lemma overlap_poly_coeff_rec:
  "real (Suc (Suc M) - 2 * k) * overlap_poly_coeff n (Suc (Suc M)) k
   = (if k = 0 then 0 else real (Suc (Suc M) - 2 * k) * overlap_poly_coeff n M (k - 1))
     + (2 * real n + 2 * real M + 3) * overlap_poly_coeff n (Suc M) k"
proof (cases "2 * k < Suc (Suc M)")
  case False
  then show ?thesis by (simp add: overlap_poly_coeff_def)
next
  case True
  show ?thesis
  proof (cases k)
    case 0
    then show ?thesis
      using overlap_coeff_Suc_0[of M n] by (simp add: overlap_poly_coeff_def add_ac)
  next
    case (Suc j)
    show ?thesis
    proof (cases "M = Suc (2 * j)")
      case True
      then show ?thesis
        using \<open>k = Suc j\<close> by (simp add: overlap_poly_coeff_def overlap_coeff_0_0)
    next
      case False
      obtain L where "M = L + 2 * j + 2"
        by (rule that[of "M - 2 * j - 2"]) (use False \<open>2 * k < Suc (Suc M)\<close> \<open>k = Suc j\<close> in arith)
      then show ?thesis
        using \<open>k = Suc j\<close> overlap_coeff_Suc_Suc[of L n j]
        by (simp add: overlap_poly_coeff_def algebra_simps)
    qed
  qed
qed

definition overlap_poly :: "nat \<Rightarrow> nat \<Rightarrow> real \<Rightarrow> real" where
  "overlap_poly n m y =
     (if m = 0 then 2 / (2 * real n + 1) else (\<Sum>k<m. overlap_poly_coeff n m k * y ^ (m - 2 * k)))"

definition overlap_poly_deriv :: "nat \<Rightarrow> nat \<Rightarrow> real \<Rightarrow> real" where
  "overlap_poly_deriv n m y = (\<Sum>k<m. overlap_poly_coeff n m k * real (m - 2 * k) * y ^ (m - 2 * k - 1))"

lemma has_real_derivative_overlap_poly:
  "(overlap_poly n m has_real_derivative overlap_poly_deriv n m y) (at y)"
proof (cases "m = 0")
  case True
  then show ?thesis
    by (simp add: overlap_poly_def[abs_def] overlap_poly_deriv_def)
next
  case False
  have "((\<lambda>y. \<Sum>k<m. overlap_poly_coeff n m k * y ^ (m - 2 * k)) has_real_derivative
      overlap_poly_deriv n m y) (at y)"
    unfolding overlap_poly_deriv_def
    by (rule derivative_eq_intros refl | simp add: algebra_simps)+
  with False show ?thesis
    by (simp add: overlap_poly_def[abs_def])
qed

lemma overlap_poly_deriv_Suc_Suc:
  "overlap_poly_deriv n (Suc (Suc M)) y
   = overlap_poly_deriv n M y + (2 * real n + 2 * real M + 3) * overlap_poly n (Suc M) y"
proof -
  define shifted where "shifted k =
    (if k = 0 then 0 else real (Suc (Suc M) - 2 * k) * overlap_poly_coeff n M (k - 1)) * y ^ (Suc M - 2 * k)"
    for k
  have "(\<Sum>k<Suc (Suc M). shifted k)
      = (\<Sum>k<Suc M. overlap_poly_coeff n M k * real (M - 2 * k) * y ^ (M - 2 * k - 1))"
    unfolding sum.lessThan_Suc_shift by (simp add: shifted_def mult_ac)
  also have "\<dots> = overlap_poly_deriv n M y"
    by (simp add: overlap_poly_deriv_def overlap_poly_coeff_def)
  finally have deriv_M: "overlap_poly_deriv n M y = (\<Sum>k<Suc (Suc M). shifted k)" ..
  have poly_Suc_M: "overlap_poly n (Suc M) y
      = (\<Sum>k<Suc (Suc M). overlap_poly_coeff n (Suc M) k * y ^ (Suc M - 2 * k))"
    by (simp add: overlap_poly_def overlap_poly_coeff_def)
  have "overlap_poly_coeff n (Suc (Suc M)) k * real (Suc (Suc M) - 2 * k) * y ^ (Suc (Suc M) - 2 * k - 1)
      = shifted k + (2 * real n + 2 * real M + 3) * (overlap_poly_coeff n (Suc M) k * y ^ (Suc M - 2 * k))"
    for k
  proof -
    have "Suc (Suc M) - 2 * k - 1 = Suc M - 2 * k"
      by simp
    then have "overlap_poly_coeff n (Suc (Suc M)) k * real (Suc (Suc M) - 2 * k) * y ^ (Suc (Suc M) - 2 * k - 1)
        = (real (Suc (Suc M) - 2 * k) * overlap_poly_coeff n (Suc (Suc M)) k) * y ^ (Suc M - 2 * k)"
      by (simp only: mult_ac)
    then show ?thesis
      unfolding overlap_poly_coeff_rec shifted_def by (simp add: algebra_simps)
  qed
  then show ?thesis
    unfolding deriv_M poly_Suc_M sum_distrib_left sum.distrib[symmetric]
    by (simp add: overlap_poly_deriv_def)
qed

+ + + +

PROBLEM STATEMENT - Please give back all of the material above exactly as it was written.

EXERCISE SOLUTION -
lemma overlap_poly_coeff_rec:
  "real (Suc (Suc M) - 2 * k) * overlap_poly_coeff n (Suc (Suc M)) k
   = (if k = 0 then 0 else real (Suc (Suc M) - 2 * k) * overlap_poly_coeff n M (k - 1))
     + (2 * real n + 2 * real M + 3) * overlap_poly_coeff n (Suc M) k"
proof (cases "2 * k < Suc (Suc M)")
  case False
  then show ?thesis by (simp add: overlap_poly_coeff_def)
next
  case True
  show ?thesis
  proof (cases k)
    case 0
    then show ?thesis
      using overlap_coeff_Suc_0[of M n] by (simp add: overlap_poly_coeff_def add_ac)
  next
    case (Suc j)
    show ?thesis
    proof (cases "M = Suc (2 * j)")
      case True
      then show ?thesis
        using \<open>k = Suc j\<close> by (simp add: overlap_poly_coeff_def overlap_coeff_0_0)
    next
      case False
      obtain L where "M = L + 2 * j + 2"
        by (rule that[of "M - 2 * j - 2"]) (use False \<open>2 * k < Suc (Suc M)\<close> \<open>k = Suc j\<close> in arith)
      then show ?thesis
        using \<open>k = Suc j\<close> overlap_coeff_Suc_Suc[of L n j]
        by (simp add: overlap_poly_coeff_def algebra_simps)
    qed
  qed
qed

definition overlap_poly :: "nat \<Rightarrow> nat \<Rightarrow> real \<Rightarrow> real" where
  "overlap_poly n m y =
     (if m = 0 then 2 / (2 * real n + 1) else (\<Sum>k<m. overlap_poly_coeff n m k * y ^ (m - 2 * k)))"

definition overlap_poly_deriv :: "nat \<Rightarrow> nat \<Rightarrow> real \<Rightarrow> real" where
  "overlap_poly_deriv n m y = (\<Sum>k<m. overlap_poly_coeff n m k * real (m - 2 * k) * y ^ (m - 2 * k - 1))"

lemma has_real_derivative_overlap_poly:
  "(overlap_poly n m has_real_derivative overlap_poly_deriv n m y) (at y)"
proof (cases "m = 0")
  case True
  then show ?thesis
    by (simp add: overlap_poly_def[abs_def] overlap_poly_deriv_def)
next
  case False
  have "((\<lambda>y. \<Sum>k<m. overlap_poly_coeff n m k * y ^ (m - 2 * k)) has_real_derivative
      overlap_poly_deriv n m y) (at y)"
    unfolding overlap_poly_deriv_def
    by (rule derivative_eq_intros refl | simp add: algebra_simps)+
  with False show ?thesis
    by (simp add: overlap_poly_def[abs_def])
qed

lemma overlap_poly_deriv_Suc_Suc:
  "overlap_poly_deriv n (Suc (Suc M)) y
   = overlap_poly_deriv n M y + (2 * real n + 2 * real M + 3) * overlap_poly n (Suc M) y"
proof -
  define shifted where "shifted k =
    (if k = 0 then 0 else real (Suc (Suc M) - 2 * k) * overlap_poly_coeff n M (k - 1)) * y ^ (Suc M - 2 * k)"
    for k
  have "(\<Sum>k<Suc (Suc M). shifted k)
      = (\<Sum>k<Suc M. overlap_poly_coeff n M k * real (M - 2 * k) * y ^ (M - 2 * k - 1))"
    unfolding sum.lessThan_Suc_shift by (simp add: shifted_def mult_ac)
  also have "\<dots> = overlap_poly_deriv n M y"
    by (simp add: overlap_poly_deriv_def overlap_poly_coeff_def)
  finally have deriv_M: "overlap_poly_deriv n M y = (\<Sum>k<Suc (Suc M). shifted k)" ..
  have poly_Suc_M: "overlap_poly n (Suc M) y
      = (\<Sum>k<Suc (Suc M). overlap_poly_coeff n (Suc M) k * y ^ (Suc M - 2 * k))"
    by (simp add: overlap_poly_def overlap_poly_coeff_def)
  have "overlap_poly_coeff n (Suc (Suc M)) k * real (Suc (Suc M) - 2 * k) * y ^ (Suc (Suc M) - 2 * k - 1)
      = shifted k + (2 * real n + 2 * real M + 3) * (overlap_poly_coeff n (Suc M) k * y ^ (Suc M - 2 * k))"
    for k
  proof -
    have "Suc (Suc M) - 2 * k - 1 = Suc M - 2 * k"
      by simp
    then have "overlap_poly_coeff n (Suc (Suc M)) k * real (Suc (Suc M) - 2 * k) * y ^ (Suc (Suc M) - 2 * k - 1)
        = (real (Suc (Suc M) - 2 * k) * overlap_poly_coeff n (Suc (Suc M)) k) * y ^ (Suc M - 2 * k)"
      by (simp only: mult_ac)
    then show ?thesis
      unfolding overlap_poly_coeff_rec shifted_def by (simp add: algebra_simps)
  qed
  then show ?thesis
    unfolding deriv_M poly_Suc_M sum_distrib_left sum.distrib[symmetric]
    by (simp add: overlap_poly_deriv_def)
qed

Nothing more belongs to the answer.